Yes, this is true that protocols and the types of medicines affect egg quality because they have to get individualized and tailored to the metabolic shape of each patient. This is usually not done. Going to the second question, if higher doses have a negative impact, this is a very interesting question because some authors had a concern that overcooking the follicles may induce some kind of increase of their aneuploidy and this was believed by all of us for a lot of years. But recent data has shown this is not true – the aneuploidy rate is given by the quality of the eggs before you start the stimulation. You should know that even with higher doses you cannot go above a certain activation of follicles. If you need only 300 and you are giving 450, then possibly this supplementary 150 are not helping. Maybe they are contributing to damage, this is true. There is no relation between higher doses and aneuploidy but there is a relation between higher doses in unnecessary cases that could metabolically damage your embryos and they will damage your pocket.
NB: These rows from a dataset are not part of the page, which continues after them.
lemma card_moebius_rel_inverse_shift_le:
  fixes G :: "'a::{field,finite} \<Rightarrow> 'a"
  assumes "CHAR('a) = 2" and "inj G" and "\<alpha> + \<delta> \<noteq> 0"
  shows "card {x. moebius_rel \<alpha> \<beta> \<gamma> \<delta> (inverse (G x) + e) (inverse (G (x + a)) + e)}
           \<le> card {x. moebius_rel (\<gamma> * e + \<delta>) \<gamma> (\<alpha> * e + \<beta> - e * (\<gamma> * e + \<delta>)) (\<alpha> - e * \<gamma>)
                       (G x) (G (x + a))} + 1"
    (is "card ?S \<le> card ?T + 1")
proof -
  have aa: "x + a + a = x" for x
    using add_self_CHAR_2[OF assms(1), of a] by (simp add: add.assoc)
  have "surj G"
    using assms(2) by (simp add: finite_UNIV_inj_surj)
  then obtain z where z: "G z = 0"
    using surjD[of G 0] by metis
  have G_eq_0: "G x = 0 \<longleftrightarrow> x = z" for x
    using inj_eq[OF assms(2), of x z] z by simp
  have outside: "x \<in> ?T" if "x \<in> ?S" "x \<noteq> z" "x \<noteq> z + a" for x
  proof -
    have "G x \<noteq> 0"
      using that(2) G_eq_0 by simp
    moreover have "G (x + a) \<noteq> 0"
    proof
      assume "G (x + a) = 0"
      then have "x = z + a"
        using G_eq_0 aa[of x] by metis
      with that(3) show False ..
    qed
    ultimately show ?thesis
      using that(1) moebius_rel_inverse_shift by simp
  qed
  have not_both: "\<not> (z \<in> ?S \<and> z + a \<in> ?S)" if "a \<noteq> 0"
  proof
    let ?u = "inverse (G (z + a)) + e"
    assume "z \<in> ?S \<and> z + a \<in> ?S"
    then have "moebius_rel \<alpha> \<beta> \<gamma> \<delta> e ?u" and "moebius_rel \<alpha> \<beta> \<gamma> \<delta> ?u e"
      by (simp_all add: z aa)
    moreover have "e \<noteq> ?u"
      using G_eq_0[of "z + a"] that by simp
    ultimately have "\<alpha> + \<delta> = 0"
      by (rule moebius_rel_swap_imp_trace_zero)
    with assms(3) show False ..
  qed
  consider "z \<notin> ?S" | "z + a \<notin> ?S" | "a = 0"
    using not_both by blast
  then obtain w where "?S \<subseteq> insert w ?T"
  proof cases
    case 1
    then show ?thesis
      using outside that[of "z + a"] by blast
  next
    case 2
    then show ?thesis
      using outside that[of z] by blast
  next
    case 3
    then show ?thesis
      using outside that[of z] by auto
  qed
  then have "card ?S \<le> card (insert w ?T)"
    by (intro card_mono) auto
  also have "\<dots> \<le> card ?T + 1"
    by (simp add: card_insert_if)
  finally show ?thesis .
qed

lemma card_moebius_rel_carlitz_map_le:
  fixes a0 :: "'a::{field,finite}"
  assumes "CHAR('a) = 2" and "a0 \<noteq> 0" and "\<alpha> + \<delta> \<noteq> 0"
  shows "card {x. moebius_rel \<alpha> \<beta> \<gamma> \<delta> (carlitz_map a0 a1 as x) (carlitz_map a0 a1 as (x + a))}
           \<le> length as + 2"
  using assms(3)
proof (induction as arbitrary: \<alpha> \<beta> \<gamma> \<delta> rule: rev_induct)
  case Nil
  have "\<alpha> \<noteq> \<delta>"
    using Nil add_self_CHAR_2[OF assms(1), of \<alpha>] by auto
  then have "card {x. moebius_rel \<alpha> \<beta> \<gamma> \<delta> (a0 * x + a1) (a0 * (x + a) + a1)} \<le> 2"
    by (rule card_moebius_rel_affine_le_2[OF assms(2)])
  then show ?case
    by simp
next
  case (snoc e as)
  have "(\<gamma> * e + \<delta>) + (\<alpha> - e * \<gamma>) \<noteq> 0"
    using snoc.prems by (simp add: algebra_simps)
  then have "card {x. moebius_rel (\<gamma> * e + \<delta>) \<gamma> (\<alpha> * e + \<beta> - e * (\<gamma> * e + \<delta>)) (\<alpha> - e * \<gamma>)
      (carlitz_map a0 a1 as x) (carlitz_map a0 a1 as (x + a))} \<le> length as + 2"
    by (rule snoc.IH)
  moreover have "card {x. moebius_rel \<alpha> \<beta> \<gamma> \<delta> (carlitz_map a0 a1 (as @ [e]) x)
      (carlitz_map a0 a1 (as @ [e]) (x + a))}
    \<le> card {x. moebius_rel (\<gamma> * e + \<delta>) \<gamma> (\<alpha> * e + \<beta> - e * (\<gamma> * e + \<delta>)) (\<alpha> - e * \<gamma>)
      (carlitz_map a0 a1 as x) (carlitz_map a0 a1 as (x + a))} + 1"
    using card_moebius_rel_inverse_shift_le[OF assms(1) inj_carlitz_map[OF assms(2)] snoc.prems]
    by simp
  ultimately show ?case
    by simp
qed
Absolutely not. You can relax – myomas and egg quality are absolutely not related. You may have problems with implantation, placentation, delivery method, you may have problems in another sense but not with the quality of the eggs. There is absolutely no relation. I would give a completely different answer if you ask me about endometriomas instead of myomas. Endometriomas or endometriosis is very closely related to huge impairment in the quality of oocytes despite endometriomas location, despite their grade, this is for sure a factor that will impair the quality of the oocytes but not the myomas.